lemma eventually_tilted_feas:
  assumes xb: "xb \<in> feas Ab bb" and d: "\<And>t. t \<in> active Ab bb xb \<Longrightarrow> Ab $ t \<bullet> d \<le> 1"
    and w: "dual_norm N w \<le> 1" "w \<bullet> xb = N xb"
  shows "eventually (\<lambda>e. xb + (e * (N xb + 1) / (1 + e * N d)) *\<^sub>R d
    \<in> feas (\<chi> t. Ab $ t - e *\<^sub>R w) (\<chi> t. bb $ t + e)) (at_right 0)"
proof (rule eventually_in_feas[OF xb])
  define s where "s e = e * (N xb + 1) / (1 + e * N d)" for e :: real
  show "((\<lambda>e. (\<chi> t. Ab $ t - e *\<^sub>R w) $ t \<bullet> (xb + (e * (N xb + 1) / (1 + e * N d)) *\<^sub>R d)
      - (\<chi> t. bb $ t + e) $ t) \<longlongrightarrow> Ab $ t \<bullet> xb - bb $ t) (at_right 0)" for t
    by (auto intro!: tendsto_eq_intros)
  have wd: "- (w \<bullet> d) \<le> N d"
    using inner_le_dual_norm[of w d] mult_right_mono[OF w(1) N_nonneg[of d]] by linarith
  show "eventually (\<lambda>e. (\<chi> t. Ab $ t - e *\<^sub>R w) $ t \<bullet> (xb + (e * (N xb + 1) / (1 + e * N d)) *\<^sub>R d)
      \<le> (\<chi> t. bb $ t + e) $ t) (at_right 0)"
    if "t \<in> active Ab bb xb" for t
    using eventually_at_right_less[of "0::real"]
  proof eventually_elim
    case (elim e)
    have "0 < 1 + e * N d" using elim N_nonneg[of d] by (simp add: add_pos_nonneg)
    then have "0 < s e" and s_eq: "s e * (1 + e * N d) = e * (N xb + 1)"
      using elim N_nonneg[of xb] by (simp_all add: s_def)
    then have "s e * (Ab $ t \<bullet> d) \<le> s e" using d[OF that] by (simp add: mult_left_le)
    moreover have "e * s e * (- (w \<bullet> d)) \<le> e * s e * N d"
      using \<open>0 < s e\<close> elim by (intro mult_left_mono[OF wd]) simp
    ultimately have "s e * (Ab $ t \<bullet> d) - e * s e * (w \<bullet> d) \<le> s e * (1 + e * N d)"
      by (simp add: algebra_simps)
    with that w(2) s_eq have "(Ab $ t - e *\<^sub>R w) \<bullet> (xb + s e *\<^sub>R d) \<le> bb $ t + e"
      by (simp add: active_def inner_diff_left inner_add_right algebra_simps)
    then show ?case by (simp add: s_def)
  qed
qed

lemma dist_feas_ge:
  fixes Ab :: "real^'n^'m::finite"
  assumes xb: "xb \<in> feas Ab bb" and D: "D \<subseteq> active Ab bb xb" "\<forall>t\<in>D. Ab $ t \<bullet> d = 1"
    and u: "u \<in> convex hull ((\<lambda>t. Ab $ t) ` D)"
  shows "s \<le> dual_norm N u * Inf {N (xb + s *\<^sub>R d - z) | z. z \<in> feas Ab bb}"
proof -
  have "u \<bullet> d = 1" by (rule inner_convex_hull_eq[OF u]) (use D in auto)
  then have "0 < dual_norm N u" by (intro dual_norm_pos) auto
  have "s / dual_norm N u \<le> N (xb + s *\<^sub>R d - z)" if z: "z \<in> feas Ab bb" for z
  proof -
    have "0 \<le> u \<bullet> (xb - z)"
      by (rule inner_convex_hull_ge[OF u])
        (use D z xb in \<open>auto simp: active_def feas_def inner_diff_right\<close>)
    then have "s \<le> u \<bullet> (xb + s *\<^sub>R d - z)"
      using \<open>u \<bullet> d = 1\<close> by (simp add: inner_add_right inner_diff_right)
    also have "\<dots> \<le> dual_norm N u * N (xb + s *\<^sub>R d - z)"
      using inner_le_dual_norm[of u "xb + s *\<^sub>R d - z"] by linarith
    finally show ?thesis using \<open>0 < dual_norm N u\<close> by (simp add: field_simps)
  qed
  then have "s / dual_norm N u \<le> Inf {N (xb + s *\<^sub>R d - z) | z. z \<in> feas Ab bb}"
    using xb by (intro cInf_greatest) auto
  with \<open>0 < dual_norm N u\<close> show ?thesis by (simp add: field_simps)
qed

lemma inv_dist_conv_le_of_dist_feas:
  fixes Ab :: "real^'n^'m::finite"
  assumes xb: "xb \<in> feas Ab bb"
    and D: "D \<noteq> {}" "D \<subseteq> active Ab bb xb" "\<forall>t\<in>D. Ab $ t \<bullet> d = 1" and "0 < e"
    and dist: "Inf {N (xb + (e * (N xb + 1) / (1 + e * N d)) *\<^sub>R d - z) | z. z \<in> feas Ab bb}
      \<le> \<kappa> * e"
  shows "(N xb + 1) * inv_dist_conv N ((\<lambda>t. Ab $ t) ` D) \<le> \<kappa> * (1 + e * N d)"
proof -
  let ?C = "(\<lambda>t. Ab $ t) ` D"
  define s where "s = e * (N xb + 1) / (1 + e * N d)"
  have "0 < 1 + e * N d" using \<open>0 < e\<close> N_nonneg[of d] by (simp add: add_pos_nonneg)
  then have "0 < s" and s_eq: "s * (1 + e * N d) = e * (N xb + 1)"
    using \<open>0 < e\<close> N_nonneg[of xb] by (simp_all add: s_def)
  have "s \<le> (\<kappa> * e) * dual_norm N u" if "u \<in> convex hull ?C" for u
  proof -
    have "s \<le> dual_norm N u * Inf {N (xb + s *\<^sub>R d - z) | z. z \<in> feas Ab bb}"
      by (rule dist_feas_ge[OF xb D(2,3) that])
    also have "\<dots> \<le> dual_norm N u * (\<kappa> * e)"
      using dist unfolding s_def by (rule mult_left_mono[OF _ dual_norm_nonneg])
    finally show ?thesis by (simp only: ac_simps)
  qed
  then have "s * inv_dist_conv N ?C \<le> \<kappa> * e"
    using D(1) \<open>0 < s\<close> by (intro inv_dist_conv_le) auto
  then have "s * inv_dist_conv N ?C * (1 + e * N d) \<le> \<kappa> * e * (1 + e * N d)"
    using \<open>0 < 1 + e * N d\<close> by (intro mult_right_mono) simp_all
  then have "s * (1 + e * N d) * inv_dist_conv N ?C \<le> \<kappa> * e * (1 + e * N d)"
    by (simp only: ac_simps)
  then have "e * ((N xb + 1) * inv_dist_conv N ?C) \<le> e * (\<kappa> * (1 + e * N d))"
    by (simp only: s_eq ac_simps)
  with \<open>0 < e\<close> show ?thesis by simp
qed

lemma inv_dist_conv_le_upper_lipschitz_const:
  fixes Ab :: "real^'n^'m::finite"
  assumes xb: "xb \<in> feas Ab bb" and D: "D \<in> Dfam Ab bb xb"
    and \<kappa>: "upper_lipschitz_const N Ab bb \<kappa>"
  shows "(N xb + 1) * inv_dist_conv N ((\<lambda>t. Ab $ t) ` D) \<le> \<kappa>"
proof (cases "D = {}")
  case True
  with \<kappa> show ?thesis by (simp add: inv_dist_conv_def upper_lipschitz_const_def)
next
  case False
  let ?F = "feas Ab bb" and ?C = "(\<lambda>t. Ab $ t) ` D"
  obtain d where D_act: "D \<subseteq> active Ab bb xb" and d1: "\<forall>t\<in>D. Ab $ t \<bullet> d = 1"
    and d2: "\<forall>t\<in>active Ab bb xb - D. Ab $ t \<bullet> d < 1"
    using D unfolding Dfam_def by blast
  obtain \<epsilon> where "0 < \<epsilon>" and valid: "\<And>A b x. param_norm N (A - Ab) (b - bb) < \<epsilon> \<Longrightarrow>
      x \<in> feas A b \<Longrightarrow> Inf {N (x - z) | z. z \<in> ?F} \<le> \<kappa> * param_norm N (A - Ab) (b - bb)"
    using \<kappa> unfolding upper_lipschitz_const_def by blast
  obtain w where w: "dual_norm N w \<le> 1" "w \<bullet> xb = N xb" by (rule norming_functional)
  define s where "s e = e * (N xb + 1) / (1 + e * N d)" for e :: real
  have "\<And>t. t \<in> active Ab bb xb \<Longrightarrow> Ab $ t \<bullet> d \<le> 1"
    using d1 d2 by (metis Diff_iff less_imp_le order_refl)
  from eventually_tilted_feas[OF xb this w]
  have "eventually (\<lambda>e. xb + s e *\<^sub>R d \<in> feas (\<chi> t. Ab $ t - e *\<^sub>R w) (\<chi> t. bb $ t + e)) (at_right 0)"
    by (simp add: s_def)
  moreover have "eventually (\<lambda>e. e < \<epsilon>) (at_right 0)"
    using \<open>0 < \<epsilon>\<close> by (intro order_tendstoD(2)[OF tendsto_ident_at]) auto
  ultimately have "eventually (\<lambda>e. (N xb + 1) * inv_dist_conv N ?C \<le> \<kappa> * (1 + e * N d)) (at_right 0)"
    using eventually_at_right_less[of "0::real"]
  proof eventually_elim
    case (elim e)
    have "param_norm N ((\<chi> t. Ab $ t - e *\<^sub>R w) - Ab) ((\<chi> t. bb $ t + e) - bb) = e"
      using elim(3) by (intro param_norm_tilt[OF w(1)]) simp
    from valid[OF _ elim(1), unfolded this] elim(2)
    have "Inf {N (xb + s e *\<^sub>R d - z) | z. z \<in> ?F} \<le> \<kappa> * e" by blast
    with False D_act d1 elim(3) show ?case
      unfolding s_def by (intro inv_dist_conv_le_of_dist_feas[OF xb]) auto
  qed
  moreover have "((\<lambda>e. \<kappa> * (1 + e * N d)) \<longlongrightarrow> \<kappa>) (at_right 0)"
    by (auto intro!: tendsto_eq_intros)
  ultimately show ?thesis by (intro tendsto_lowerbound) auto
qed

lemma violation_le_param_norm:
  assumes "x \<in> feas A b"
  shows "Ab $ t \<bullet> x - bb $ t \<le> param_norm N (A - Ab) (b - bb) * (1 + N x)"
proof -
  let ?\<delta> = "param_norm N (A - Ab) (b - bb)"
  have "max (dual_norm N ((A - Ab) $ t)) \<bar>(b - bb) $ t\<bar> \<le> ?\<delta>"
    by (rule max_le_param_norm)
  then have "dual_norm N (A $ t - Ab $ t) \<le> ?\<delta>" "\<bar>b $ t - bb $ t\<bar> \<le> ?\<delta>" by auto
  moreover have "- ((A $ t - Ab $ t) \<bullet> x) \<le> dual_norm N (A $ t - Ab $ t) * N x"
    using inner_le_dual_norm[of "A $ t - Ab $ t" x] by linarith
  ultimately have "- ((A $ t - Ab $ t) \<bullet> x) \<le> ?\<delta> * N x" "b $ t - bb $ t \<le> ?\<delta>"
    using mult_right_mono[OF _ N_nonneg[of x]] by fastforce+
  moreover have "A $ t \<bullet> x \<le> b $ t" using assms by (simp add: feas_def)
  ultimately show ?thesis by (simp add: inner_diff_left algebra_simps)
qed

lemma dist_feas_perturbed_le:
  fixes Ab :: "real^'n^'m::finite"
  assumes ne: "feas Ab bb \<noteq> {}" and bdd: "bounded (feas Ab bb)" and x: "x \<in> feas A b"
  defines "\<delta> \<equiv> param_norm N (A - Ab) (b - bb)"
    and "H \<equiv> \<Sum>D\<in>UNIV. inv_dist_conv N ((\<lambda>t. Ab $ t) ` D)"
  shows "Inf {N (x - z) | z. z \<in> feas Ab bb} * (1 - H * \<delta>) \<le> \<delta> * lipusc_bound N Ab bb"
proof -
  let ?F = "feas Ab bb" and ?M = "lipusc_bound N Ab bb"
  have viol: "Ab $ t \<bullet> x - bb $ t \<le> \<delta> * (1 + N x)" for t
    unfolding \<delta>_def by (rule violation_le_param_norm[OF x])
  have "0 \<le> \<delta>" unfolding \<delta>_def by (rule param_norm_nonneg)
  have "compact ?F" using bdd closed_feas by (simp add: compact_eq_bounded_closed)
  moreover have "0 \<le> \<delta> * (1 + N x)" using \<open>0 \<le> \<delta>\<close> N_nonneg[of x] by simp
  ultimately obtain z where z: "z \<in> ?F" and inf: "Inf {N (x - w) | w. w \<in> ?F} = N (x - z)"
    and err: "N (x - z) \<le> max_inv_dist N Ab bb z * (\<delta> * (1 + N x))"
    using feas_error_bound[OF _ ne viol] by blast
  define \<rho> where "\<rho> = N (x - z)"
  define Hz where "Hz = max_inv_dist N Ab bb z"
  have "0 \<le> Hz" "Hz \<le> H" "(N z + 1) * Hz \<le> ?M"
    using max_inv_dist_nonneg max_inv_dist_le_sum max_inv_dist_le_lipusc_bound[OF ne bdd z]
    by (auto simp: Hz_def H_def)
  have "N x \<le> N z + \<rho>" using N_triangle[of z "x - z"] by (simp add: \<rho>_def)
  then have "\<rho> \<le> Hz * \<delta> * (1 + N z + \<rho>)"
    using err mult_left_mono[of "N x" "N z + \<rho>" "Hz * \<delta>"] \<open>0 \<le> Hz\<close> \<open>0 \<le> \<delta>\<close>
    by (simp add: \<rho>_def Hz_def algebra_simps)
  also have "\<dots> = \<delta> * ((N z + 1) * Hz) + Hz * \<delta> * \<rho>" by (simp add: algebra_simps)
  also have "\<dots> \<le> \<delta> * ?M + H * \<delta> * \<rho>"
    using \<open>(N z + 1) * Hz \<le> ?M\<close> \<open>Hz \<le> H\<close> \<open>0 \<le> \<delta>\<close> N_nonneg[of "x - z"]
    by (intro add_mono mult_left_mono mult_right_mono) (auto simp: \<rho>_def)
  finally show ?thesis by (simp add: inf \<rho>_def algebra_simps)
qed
--
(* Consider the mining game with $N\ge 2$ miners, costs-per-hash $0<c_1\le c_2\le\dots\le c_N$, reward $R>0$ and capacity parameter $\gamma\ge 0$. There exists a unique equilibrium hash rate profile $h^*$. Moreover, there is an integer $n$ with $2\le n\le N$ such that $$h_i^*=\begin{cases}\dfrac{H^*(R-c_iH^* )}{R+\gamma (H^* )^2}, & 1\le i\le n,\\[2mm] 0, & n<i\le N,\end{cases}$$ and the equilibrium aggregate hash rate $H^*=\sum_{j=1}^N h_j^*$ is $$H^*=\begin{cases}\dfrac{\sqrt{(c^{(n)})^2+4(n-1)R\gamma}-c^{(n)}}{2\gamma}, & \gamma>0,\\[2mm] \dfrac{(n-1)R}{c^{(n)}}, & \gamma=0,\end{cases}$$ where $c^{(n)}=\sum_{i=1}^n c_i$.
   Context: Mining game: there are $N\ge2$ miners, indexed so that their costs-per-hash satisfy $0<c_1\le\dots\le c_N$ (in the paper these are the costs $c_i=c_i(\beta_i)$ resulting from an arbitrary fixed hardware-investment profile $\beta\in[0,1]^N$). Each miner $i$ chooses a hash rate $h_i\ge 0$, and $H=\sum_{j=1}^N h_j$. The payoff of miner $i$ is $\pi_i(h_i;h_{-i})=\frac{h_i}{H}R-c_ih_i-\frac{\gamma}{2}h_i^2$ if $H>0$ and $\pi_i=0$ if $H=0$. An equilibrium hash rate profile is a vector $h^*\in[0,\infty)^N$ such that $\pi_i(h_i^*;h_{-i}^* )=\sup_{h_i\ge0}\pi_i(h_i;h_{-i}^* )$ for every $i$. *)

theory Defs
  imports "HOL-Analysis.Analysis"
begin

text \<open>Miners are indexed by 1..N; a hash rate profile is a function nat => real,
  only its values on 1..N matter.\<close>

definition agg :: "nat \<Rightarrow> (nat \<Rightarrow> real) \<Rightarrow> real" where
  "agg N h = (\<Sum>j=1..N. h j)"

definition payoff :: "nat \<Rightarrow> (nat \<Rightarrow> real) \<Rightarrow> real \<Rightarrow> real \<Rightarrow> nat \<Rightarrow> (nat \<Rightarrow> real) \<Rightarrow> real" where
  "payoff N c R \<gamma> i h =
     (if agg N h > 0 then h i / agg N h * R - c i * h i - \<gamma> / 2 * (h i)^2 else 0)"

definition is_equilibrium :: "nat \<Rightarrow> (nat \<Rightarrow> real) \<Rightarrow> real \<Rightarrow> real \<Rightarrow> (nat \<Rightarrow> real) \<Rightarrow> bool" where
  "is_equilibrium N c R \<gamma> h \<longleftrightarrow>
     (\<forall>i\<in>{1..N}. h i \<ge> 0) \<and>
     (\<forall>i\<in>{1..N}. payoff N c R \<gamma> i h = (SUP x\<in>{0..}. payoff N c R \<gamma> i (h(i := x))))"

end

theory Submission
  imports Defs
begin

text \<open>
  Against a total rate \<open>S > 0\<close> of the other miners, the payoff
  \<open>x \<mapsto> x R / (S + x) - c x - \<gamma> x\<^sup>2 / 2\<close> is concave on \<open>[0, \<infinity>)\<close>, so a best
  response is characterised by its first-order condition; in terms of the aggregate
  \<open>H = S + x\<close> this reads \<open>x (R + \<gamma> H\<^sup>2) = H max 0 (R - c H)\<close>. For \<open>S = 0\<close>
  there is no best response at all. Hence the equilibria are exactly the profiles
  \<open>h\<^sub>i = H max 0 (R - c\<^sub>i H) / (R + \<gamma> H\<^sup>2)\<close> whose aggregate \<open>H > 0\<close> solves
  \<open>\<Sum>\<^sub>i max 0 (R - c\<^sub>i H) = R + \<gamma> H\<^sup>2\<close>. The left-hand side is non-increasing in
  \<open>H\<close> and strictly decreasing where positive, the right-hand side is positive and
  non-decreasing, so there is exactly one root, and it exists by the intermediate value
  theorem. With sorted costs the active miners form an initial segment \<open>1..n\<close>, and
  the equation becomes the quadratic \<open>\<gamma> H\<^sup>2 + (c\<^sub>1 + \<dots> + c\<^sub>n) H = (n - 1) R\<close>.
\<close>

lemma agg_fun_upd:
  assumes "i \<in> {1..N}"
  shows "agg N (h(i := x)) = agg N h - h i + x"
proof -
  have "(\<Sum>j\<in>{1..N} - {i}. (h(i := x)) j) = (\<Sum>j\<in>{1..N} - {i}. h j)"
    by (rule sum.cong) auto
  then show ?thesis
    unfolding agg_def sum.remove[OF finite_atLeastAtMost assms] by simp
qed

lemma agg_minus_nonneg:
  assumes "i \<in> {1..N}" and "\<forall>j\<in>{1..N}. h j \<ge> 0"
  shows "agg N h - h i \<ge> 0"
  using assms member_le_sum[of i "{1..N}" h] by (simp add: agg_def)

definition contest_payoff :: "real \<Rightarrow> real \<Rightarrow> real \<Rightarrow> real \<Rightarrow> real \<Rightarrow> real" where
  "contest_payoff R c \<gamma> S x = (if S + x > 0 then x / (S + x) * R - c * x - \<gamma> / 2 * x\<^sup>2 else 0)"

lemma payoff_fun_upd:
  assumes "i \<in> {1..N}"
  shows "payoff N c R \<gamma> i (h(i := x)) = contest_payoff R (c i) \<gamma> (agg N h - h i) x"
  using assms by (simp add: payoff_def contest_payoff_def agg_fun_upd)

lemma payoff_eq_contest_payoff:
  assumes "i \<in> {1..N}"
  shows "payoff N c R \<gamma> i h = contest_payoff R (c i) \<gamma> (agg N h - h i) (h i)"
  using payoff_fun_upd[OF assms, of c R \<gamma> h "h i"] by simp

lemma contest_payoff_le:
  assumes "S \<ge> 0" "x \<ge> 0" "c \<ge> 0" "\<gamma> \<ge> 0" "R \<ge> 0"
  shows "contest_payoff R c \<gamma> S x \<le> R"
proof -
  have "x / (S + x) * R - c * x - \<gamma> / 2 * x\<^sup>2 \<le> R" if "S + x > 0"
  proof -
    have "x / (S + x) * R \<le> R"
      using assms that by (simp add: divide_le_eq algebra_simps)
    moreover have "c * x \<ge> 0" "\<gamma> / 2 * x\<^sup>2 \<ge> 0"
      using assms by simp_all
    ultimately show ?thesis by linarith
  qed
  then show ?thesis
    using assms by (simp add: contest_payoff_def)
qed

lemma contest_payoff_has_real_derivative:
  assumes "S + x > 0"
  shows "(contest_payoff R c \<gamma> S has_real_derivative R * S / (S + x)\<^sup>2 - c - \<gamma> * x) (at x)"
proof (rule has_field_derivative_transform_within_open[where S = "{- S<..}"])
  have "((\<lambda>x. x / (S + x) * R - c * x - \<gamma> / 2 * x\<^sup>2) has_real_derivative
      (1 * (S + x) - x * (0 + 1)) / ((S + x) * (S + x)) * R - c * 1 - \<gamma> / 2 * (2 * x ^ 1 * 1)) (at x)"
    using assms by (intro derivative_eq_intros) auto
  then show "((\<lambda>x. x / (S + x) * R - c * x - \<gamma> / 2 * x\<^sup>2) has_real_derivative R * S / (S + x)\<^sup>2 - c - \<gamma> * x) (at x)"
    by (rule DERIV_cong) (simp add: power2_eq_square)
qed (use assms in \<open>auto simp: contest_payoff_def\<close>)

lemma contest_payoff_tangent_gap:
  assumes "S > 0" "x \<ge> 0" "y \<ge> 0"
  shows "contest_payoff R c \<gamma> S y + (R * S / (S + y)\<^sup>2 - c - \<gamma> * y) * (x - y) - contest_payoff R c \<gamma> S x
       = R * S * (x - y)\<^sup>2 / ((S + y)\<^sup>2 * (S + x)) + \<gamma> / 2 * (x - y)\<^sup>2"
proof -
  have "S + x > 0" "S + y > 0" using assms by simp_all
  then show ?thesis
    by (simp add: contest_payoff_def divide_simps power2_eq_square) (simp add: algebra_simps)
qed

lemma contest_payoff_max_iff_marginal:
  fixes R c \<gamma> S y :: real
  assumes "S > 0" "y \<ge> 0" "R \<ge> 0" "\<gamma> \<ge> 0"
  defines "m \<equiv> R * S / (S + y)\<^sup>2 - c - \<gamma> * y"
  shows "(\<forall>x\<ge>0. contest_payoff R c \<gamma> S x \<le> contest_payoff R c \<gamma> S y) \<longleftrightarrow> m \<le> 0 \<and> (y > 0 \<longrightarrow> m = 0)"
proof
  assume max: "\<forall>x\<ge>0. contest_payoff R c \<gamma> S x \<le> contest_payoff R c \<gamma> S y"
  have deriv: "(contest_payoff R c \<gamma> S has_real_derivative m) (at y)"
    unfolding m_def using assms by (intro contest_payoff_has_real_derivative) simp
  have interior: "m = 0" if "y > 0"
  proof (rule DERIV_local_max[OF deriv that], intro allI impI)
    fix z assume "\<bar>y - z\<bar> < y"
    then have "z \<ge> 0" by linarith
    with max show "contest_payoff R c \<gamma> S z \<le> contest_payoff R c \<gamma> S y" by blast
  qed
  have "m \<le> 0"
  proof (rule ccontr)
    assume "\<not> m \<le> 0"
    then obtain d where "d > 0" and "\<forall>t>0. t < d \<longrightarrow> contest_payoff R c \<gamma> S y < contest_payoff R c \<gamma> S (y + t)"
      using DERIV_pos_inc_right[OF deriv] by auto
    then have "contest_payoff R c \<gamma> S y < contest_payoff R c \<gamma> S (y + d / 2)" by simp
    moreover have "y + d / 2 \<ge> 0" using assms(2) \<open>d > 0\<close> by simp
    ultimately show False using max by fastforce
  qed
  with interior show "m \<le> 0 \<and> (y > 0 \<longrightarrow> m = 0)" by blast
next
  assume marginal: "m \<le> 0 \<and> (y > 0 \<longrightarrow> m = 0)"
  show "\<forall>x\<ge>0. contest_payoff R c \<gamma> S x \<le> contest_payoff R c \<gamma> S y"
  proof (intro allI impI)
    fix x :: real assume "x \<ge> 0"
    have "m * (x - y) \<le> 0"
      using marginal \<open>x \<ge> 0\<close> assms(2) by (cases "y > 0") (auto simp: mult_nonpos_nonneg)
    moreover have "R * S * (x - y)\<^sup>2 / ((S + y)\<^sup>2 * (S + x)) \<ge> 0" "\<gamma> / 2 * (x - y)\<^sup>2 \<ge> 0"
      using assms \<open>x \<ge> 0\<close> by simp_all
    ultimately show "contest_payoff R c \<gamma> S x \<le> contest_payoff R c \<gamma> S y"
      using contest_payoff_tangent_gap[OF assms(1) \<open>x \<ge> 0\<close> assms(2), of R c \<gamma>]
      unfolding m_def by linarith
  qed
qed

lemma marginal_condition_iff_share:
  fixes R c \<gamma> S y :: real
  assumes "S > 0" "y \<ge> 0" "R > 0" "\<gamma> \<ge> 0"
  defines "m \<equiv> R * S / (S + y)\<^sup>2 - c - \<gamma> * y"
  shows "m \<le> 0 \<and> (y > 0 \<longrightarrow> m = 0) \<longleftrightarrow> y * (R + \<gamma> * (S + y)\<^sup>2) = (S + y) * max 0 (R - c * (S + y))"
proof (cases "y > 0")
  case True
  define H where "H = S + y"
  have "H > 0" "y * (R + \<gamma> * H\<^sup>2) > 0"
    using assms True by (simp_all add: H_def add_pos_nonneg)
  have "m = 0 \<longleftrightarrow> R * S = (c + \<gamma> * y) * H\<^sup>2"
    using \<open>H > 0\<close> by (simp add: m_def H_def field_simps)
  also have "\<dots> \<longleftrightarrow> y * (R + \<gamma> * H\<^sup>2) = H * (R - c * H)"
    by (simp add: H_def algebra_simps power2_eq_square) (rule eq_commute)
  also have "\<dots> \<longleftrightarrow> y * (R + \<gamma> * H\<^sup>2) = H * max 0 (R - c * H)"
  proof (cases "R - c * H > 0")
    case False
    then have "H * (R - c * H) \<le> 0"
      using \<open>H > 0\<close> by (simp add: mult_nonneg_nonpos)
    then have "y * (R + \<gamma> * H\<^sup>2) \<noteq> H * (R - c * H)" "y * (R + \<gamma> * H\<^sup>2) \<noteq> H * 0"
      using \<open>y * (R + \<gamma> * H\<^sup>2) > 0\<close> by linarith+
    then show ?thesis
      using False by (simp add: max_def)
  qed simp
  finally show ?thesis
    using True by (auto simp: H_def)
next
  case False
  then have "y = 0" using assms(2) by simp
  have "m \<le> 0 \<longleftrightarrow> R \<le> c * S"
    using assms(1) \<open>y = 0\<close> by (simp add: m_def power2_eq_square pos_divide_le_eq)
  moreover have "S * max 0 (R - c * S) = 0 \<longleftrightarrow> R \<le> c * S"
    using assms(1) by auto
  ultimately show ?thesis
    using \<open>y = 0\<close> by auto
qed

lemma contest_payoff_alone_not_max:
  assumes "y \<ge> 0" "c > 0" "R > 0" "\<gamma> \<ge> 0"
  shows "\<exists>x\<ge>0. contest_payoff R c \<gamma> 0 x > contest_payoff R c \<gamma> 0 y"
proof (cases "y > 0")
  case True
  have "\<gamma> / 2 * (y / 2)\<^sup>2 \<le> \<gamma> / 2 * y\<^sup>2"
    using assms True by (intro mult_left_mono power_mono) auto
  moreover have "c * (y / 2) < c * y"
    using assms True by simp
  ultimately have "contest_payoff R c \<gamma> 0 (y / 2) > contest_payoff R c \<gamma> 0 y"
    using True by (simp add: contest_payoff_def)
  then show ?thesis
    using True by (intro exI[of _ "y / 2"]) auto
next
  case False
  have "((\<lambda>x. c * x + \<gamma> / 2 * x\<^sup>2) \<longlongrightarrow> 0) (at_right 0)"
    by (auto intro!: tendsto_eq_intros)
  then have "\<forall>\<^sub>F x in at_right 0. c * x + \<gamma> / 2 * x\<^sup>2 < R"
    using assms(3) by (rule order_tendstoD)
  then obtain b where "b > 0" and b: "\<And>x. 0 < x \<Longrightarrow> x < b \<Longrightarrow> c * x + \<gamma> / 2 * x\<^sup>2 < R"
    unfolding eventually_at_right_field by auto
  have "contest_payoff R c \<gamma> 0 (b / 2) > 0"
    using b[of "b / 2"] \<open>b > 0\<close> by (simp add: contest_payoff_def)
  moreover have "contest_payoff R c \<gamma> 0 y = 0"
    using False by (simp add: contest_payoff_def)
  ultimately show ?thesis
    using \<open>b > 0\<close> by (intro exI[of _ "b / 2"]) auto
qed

■ What the task asks ■
Scan the entries and show every line in which the word "only" is found.

■ Written answer ■
    finally show ?thesis by (simp only: ac_simps)
    by (simp only: ac_simps)
    by (simp only: s_eq ac_simps)
  only its values on 1..N matter.\<close>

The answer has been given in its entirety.